Count up the lines of the data below that contain the string "lemma", then give only the total.

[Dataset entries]

○ ○ ○

(* Let $\gamma>0$ or $\gamma<-1$, and let $\theta\in\mathbb R^d$. For a dataset $\mathcal D=\{(X_i,Y_i)\}_{i=1}^n\subset\mathbb R^d\times\{0,1\}$ define $$S_\gamma(\theta;\mathcal D)=\frac1n\sum_{i=1}^n\Big[\frac{\exp\{(\gamma+1)Y_i\theta^\top X_i\}}{1+\exp\{(\gamma+1)\theta^\top X_i\}}\Big]^{\frac{\gamma}{\gamma+1}}\Big\{Y_i-\frac{\exp\{(\gamma+1)\theta^\top X_i\}}{1+\exp\{(\gamma+1)\theta^\top X_i\}}\Big\}X_i.$$ Then $\sup_{\mathcal D}|\theta^\top S_\gamma(\theta;\mathcal D)|<\infty$, where the supremum is over all $n\ge1$ and all datasets $\mathcal D$.
   Context: $S_\gamma(\theta;\mathcal D)$ is the $\gamma$-estimating function (with the counting measure on $\{0,1\}$ as reference measure) for the binary logistic model $p(y|x,\theta)=\exp(y\theta^\top x)/(1+\exp(\theta^\top x))$. *)

theory Defs
  imports "HOL-Analysis.Analysis"
begin

definition S_gamma :: "real \<Rightarrow> real^'d \<Rightarrow> nat \<Rightarrow> (nat \<Rightarrow> real^'d) \<Rightarrow> (nat \<Rightarrow> real) \<Rightarrow> real^'d" where
  "S_gamma \<gamma> \<theta> n X Y =
     (1 / real n) *\<^sub>R
       (\<Sum>i<n. ((exp ((\<gamma> + 1) * Y i * (\<theta> \<bullet> X i)) / (1 + exp ((\<gamma> + 1) * (\<theta> \<bullet> X i))))
                   powr (\<gamma> / (\<gamma> + 1))
                 * (Y i - exp ((\<gamma> + 1) * (\<theta> \<bullet> X i)) / (1 + exp ((\<gamma> + 1) * (\<theta> \<bullet> X i)))))
                *\<^sub>R X i)"

end

theory Submission
  imports Defs
begin

text \<open>Write \<open>\<sigma>(a) = e\<^sup>a / (1 + e\<^sup>a)\<close> and \<open>a = (\<gamma> + 1) \<theta>\<^sup>T X\<close>. For \<open>Y \<in> {0, 1}\<close> the
  absolute value of the \<open>i\<close>-th weighted residual is \<open>\<sigma>(\<pm>a)\<^sup>c \<sigma>(\<mp>a)\<close> with
  \<open>c = \<gamma> / (\<gamma> + 1) > 0\<close>, and since \<open>\<sigma>(a) \<le> exp (min a 0)\<close> it decays like
  \<open>exp (- min c 1 \<bar>a\<bar>)\<close>. This exponential decay beats the linear factor \<open>\<theta>\<^sup>T X\<close>, so every
  summand of \<open>\<theta>\<^sup>T S\<^sub>\<gamma>\<close> is bounded by \<open>1 / (min c 1 \<bar>\<gamma> + 1\<bar>)\<close>, uniformly in the data,
  and so is their average.\<close>

definition logistic :: "real \<Rightarrow> real" where
  "logistic a = exp a / (1 + exp a)"

lemma logistic_pos: "0 < logistic a"
  by (simp add: logistic_def add_pos_pos)

lemma logistic_minus: "logistic (- a) = 1 / (1 + exp a)"
  by (simp add: logistic_def exp_minus field_simps add_pos_pos)

lemma one_minus_logistic: "1 - logistic a = logistic (- a)"
proof -
  have "1 + exp a \<noteq> 0"
    using exp_gt_zero[of a] by linarith
  then show ?thesis
    unfolding logistic_minus by (simp add: logistic_def field_simps)
qed

lemma logistic_le_exp_min: "logistic a \<le> exp (min a 0)"
proof (cases "a \<ge> 0")
  case True
  then show ?thesis by (simp add: logistic_def divide_le_eq_1 add_pos_pos)
next
  case False
  then show ?thesis by (simp add: logistic_def divide_le_eq add_pos_pos)
qed

lemma logistic_powr_mult_logistic_minus_le:
  fixes c :: real
  assumes "c > 0"
  shows "logistic a powr c * logistic (- a) \<le> exp (- min c 1 * \<bar>a\<bar>)"
proof -
  have "logistic a powr c \<le> exp (min a 0) powr c"
    using assms logistic_pos[of a] logistic_le_exp_min[of a] by (intro powr_mono2) auto
  also have "\<dots> = exp (c * min a 0)"
    by (simp add: powr_def)
  finally have "logistic a powr c * logistic (- a) \<le> exp (c * min a 0) * exp (min (- a) 0)"
    using logistic_pos[of "- a"] logistic_le_exp_min[of "- a"] by (intro mult_mono) auto
  also have "\<dots> = exp (c * min a 0 + min (- a) 0)"
    by (simp add: exp_add)
  also have "\<dots> \<le> exp (- min c 1 * \<bar>a\<bar>)"
    using assms by (auto simp: min_def abs_if mult_le_cancel_right)
  finally show ?thesis .
qed

lemma abs_mult_exp_neg_abs_le:
  fixes k t :: real
  assumes "k > 0"
  shows "\<bar>t\<bar> * exp (- k * \<bar>t\<bar>) \<le> 1 / k"
proof -
  define u where "u = k * \<bar>t\<bar>"
  have "u \<le> exp u"
    using exp_ge_add_one_self[of u] by linarith
  then have "u * exp (- u) \<le> 1"
    by (simp add: exp_minus field_simps)
  then show ?thesis
    using assms unfolding u_def by (simp add: field_simps)
qed

lemma bernoulli_weighted_residual_le:
  fixes c y a :: real
  assumes "c > 0" and "y \<in> {0, 1}"
  shows "\<bar>(exp (y * a) / (1 + exp a)) powr c * (y - logistic a)\<bar> \<le> exp (- min c 1 * \<bar>a\<bar>)"
proof (cases "y = 1")
  case True
  then show ?thesis
    using logistic_powr_mult_logistic_minus_le[OF assms(1), of a] logistic_pos[of "- a"]
    by (simp add: one_minus_logistic flip: logistic_def)
next
  case False
  with assms(2) have "y = 0" by simp
  then show ?thesis
    using logistic_powr_mult_logistic_minus_le[OF assms(1), of "- a"] logistic_pos[of a]
    by (simp add: abs_mult flip: logistic_minus)
qed

lemma weighted_residual_times_score_le:
  fixes c g y t :: real
  assumes "c > 0" and "g \<noteq> 0" and "y \<in> {0, 1}"
  shows "\<bar>(exp (g * y * t) / (1 + exp (g * t))) powr c
           * (y - exp (g * t) / (1 + exp (g * t))) * t\<bar> \<le> 1 / (min c 1 * \<bar>g\<bar>)"
proof -
  have "\<bar>(exp (g * y * t) / (1 + exp (g * t))) powr c * (y - exp (g * t) / (1 + exp (g * t))) * t\<bar>
      = \<bar>(exp (y * (g * t)) / (1 + exp (g * t))) powr c * (y - logistic (g * t))\<bar> * \<bar>t\<bar>"
    by (simp add: logistic_def abs_mult mult_ac)
  also have "\<dots> \<le> exp (- min c 1 * \<bar>g * t\<bar>) * \<bar>t\<bar>"
    using bernoulli_weighted_residual_le[OF assms(1,3)] by (intro mult_right_mono) auto
  also have "\<dots> = \<bar>t\<bar> * exp (- (min c 1 * \<bar>g\<bar>) * \<bar>t\<bar>)"
    by (simp add: abs_mult mult_ac)
  also have "\<dots> \<le> 1 / (min c 1 * \<bar>g\<bar>)"
    using assms by (intro abs_mult_exp_neg_abs_le) auto
  finally show ?thesis .
qed

lemma abs_mean_le:
  fixes f :: "nat \<Rightarrow> real"
  assumes "n \<ge> 1" and "\<And>i. i < n \<Longrightarrow> \<bar>f i\<bar> \<le> B"
  shows "\<bar>(1 / real n) * (\<Sum>i<n. f i)\<bar> \<le> B"
proof -
  have "\<bar>\<Sum>i<n. f i\<bar> \<le> (\<Sum>i<n. \<bar>f i\<bar>)"
    by (rule sum_abs)
  also have "\<dots> \<le> real n * B"
    using sum_mono[of "{..<n}" "\<lambda>i. \<bar>f i\<bar>" "\<lambda>_. B"] assms(2) by simp
  finally show ?thesis
    using assms(1) by (simp add: abs_mult divide_le_eq mult.commute)
qed

theorem mainTheorem8:
  fixes \<gamma> :: real and \<theta> :: "real^'d"
  assumes "\<gamma> > 0 \<or> \<gamma> < -1"
  shows "\<exists>M::real. \<forall>(n::nat) (X::nat \<Rightarrow> real^'d) (Y::nat \<Rightarrow> real).
            n \<ge> 1 \<longrightarrow> (\<forall>i<n. Y i \<in> {0, 1}) \<longrightarrow> \<bar>\<theta> \<bullet> S_gamma \<gamma> \<theta> n X Y\<bar> \<le> M"
proof (intro exI allI impI)
  define c where "c = \<gamma> / (\<gamma> + 1)"
  define g where "g = \<gamma> + 1"
  have "c > 0" and "g \<noteq> 0"
    using assms unfolding c_def g_def by (auto simp: divide_pos_pos divide_neg_neg)
  fix n :: nat and X :: "nat \<Rightarrow> real^'d" and Y :: "nat \<Rightarrow> real"
  assume "n \<ge> 1" and Y: "\<forall>i<n. Y i \<in> {0, 1}"
  have "\<theta> \<bullet> S_gamma \<gamma> \<theta> n X Y = (1 / real n) * (\<Sum>i<n.
          (exp (g * Y i * (\<theta> \<bullet> X i)) / (1 + exp (g * (\<theta> \<bullet> X i)))) powr c
          * (Y i - exp (g * (\<theta> \<bullet> X i)) / (1 + exp (g * (\<theta> \<bullet> X i)))) * (\<theta> \<bullet> X i))"
    unfolding S_gamma_def c_def g_def by (simp add: inner_sum_right mult.assoc)
  also have "\<bar>\<dots>\<bar> \<le> 1 / (min c 1 * \<bar>g\<bar>)"
    using \<open>n \<ge> 1\<close> Y weighted_residual_times_score_le[OF \<open>c > 0\<close> \<open>g \<noteq> 0\<close>]
    by (intro abs_mean_le) auto
  finally show "\<bar>\<theta> \<bullet> S_gamma \<gamma> \<theta> n X Y\<bar> \<le> 1 / (min c 1 * \<bar>g\<bar>)" .
qed

end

○ ○ ○

■ Solution for this exercise
9